**AIM OF THE EXERCISE**
Would you please transcribe, exactly as written, the lines of the entries below starting at the one that holds "fix d assume" and ending at the one that holds "assms by blast", both included?

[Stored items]
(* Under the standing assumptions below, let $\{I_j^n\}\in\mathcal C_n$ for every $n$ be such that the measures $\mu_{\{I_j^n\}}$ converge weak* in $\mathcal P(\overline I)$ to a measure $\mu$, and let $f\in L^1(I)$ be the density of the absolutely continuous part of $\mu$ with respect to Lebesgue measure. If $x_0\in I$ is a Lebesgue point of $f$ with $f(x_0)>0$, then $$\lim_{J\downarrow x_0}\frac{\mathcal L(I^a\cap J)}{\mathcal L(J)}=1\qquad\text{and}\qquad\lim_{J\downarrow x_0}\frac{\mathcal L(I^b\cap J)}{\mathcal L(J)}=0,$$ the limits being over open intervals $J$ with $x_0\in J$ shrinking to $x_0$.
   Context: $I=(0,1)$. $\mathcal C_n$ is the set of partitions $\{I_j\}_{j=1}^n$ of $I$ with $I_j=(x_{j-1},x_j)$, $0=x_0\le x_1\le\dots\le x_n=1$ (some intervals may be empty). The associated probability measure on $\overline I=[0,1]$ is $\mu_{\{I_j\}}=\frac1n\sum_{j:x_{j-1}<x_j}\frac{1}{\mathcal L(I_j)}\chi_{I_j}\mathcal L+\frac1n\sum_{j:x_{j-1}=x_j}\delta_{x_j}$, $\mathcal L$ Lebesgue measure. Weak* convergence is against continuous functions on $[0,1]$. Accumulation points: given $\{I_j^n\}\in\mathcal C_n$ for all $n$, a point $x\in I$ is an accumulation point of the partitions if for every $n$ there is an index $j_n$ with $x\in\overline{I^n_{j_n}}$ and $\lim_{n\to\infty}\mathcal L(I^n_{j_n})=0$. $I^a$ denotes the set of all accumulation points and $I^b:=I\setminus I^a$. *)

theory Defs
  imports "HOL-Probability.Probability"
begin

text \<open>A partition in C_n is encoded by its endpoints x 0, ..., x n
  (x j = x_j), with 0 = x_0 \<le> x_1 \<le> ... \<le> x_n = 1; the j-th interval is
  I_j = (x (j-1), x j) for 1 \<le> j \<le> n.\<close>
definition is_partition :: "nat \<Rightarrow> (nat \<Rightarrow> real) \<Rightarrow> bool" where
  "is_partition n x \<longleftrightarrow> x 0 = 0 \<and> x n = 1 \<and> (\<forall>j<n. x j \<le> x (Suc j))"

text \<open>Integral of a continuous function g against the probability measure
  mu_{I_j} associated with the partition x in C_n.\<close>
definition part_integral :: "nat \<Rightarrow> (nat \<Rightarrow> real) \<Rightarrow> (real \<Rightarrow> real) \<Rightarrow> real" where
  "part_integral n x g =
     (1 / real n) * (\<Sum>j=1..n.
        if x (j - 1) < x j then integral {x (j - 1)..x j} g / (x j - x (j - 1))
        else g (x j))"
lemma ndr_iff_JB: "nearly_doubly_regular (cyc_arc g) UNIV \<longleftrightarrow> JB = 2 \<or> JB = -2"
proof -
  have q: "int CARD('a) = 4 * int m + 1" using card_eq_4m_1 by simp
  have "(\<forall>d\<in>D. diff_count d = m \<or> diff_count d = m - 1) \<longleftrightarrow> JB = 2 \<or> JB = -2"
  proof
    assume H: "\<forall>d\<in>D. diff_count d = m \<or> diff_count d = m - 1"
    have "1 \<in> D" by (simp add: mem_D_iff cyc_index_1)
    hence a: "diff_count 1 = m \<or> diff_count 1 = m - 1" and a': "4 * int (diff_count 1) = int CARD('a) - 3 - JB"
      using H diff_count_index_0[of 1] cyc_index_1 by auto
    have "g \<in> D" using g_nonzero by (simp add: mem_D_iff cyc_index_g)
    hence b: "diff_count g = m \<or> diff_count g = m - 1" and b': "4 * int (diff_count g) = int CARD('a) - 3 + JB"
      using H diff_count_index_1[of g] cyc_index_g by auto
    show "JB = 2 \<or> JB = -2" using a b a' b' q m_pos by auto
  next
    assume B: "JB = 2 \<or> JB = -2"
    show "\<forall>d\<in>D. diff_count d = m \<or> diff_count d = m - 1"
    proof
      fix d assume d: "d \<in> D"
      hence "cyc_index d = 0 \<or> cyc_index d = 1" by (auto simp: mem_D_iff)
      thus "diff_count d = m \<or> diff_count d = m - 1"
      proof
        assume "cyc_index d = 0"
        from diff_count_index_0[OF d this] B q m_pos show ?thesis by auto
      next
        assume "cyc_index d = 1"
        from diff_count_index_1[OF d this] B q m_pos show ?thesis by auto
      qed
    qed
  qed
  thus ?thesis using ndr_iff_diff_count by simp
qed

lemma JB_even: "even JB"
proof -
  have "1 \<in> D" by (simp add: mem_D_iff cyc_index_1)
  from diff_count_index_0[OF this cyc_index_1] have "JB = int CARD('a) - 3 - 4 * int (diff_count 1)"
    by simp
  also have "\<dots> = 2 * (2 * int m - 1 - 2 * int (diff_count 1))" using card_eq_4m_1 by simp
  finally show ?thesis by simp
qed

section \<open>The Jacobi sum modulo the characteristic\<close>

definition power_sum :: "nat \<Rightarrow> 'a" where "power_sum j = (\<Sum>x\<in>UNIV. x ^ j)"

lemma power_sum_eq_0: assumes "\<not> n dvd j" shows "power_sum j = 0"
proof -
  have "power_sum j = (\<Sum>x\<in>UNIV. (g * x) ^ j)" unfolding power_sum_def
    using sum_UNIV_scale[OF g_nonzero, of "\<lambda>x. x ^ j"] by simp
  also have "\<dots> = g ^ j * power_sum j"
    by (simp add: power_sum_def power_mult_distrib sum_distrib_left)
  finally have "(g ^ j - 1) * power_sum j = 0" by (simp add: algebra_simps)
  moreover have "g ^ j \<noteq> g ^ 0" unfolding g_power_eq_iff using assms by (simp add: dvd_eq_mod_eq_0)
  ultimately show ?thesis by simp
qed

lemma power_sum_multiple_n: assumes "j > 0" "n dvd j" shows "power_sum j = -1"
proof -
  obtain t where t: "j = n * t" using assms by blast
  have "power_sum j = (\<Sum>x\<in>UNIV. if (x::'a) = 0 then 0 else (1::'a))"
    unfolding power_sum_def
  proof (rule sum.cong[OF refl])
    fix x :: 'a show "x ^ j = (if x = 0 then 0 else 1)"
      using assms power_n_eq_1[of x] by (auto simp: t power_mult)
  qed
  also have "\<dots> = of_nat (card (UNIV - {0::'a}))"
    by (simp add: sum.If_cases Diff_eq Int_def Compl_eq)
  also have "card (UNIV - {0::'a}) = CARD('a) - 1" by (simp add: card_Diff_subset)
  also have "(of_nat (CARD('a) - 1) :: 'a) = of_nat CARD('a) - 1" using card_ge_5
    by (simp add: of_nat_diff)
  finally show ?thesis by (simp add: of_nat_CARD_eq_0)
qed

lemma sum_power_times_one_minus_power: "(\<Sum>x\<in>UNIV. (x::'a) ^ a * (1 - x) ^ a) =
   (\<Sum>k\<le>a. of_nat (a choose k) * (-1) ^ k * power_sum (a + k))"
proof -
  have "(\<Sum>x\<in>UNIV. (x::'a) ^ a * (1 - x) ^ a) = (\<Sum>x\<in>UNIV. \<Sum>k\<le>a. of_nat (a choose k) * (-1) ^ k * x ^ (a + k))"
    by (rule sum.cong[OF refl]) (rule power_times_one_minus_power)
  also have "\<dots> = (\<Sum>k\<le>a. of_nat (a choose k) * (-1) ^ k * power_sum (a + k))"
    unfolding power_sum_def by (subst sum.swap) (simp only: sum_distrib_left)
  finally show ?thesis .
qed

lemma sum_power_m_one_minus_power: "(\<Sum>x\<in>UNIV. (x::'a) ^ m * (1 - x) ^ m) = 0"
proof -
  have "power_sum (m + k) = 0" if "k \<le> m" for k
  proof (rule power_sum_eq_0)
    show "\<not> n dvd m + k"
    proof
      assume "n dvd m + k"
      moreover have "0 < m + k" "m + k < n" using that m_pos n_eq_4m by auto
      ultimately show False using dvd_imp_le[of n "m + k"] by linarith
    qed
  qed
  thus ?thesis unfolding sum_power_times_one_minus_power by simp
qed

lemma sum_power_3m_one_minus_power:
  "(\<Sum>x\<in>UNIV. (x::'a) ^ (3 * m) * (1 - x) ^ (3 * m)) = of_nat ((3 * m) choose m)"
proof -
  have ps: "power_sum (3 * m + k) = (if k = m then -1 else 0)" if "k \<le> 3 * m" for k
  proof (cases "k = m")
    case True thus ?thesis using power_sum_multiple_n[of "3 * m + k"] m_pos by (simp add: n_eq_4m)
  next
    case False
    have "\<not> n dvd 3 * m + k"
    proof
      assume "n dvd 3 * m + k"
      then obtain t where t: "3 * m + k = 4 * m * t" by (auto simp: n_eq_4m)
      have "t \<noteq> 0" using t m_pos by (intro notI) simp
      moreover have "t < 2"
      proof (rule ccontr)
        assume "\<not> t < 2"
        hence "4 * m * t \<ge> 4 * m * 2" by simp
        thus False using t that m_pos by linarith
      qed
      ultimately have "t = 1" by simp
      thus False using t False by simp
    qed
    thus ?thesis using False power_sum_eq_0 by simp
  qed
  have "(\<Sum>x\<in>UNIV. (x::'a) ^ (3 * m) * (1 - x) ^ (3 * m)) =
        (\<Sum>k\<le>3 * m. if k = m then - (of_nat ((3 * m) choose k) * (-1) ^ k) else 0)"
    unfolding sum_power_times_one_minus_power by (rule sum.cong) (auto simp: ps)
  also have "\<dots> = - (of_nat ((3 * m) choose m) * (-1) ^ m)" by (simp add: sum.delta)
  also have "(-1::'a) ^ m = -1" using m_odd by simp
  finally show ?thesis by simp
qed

**RESULT OF THE EXERCISE**
      fix d assume d: "d \<in> D"
      hence "cyc_index d = 0 \<or> cyc_index d = 1" by (auto simp: mem_D_iff)
      thus "diff_count d = m \<or> diff_count d = m - 1"
      proof
        assume "cyc_index d = 0"
        from diff_count_index_0[OF d this] B q m_pos show ?thesis by auto
      next
        assume "cyc_index d = 1"
        from diff_count_index_1[OF d this] B q m_pos show ?thesis by auto
      qed
    qed
  qed
  thus ?thesis using ndr_iff_diff_count by simp
qed

lemma JB_even: "even JB"
proof -
  have "1 \<in> D" by (simp add: mem_D_iff cyc_index_1)
  from diff_count_index_0[OF this cyc_index_1] have "JB = int CARD('a) - 3 - 4 * int (diff_count 1)"
    by simp
  also have "\<dots> = 2 * (2 * int m - 1 - 2 * int (diff_count 1))" using card_eq_4m_1 by simp
  finally show ?thesis by simp
qed

section \<open>The Jacobi sum modulo the characteristic\<close>

definition power_sum :: "nat \<Rightarrow> 'a" where "power_sum j = (\<Sum>x\<in>UNIV. x ^ j)"

lemma power_sum_eq_0: assumes "\<not> n dvd j" shows "power_sum j = 0"
proof -
  have "power_sum j = (\<Sum>x\<in>UNIV. (g * x) ^ j)" unfolding power_sum_def
    using sum_UNIV_scale[OF g_nonzero, of "\<lambda>x. x ^ j"] by simp
  also have "\<dots> = g ^ j * power_sum j"
    by (simp add: power_sum_def power_mult_distrib sum_distrib_left)
  finally have "(g ^ j - 1) * power_sum j = 0" by (simp add: algebra_simps)
  moreover have "g ^ j \<noteq> g ^ 0" unfolding g_power_eq_iff using assms by (simp add: dvd_eq_mod_eq_0)
  ultimately show ?thesis by simp
qed

lemma power_sum_multiple_n: assumes "j > 0" "n dvd j" shows "power_sum j = -1"
proof -
  obtain t where t: "j = n * t" using assms by blast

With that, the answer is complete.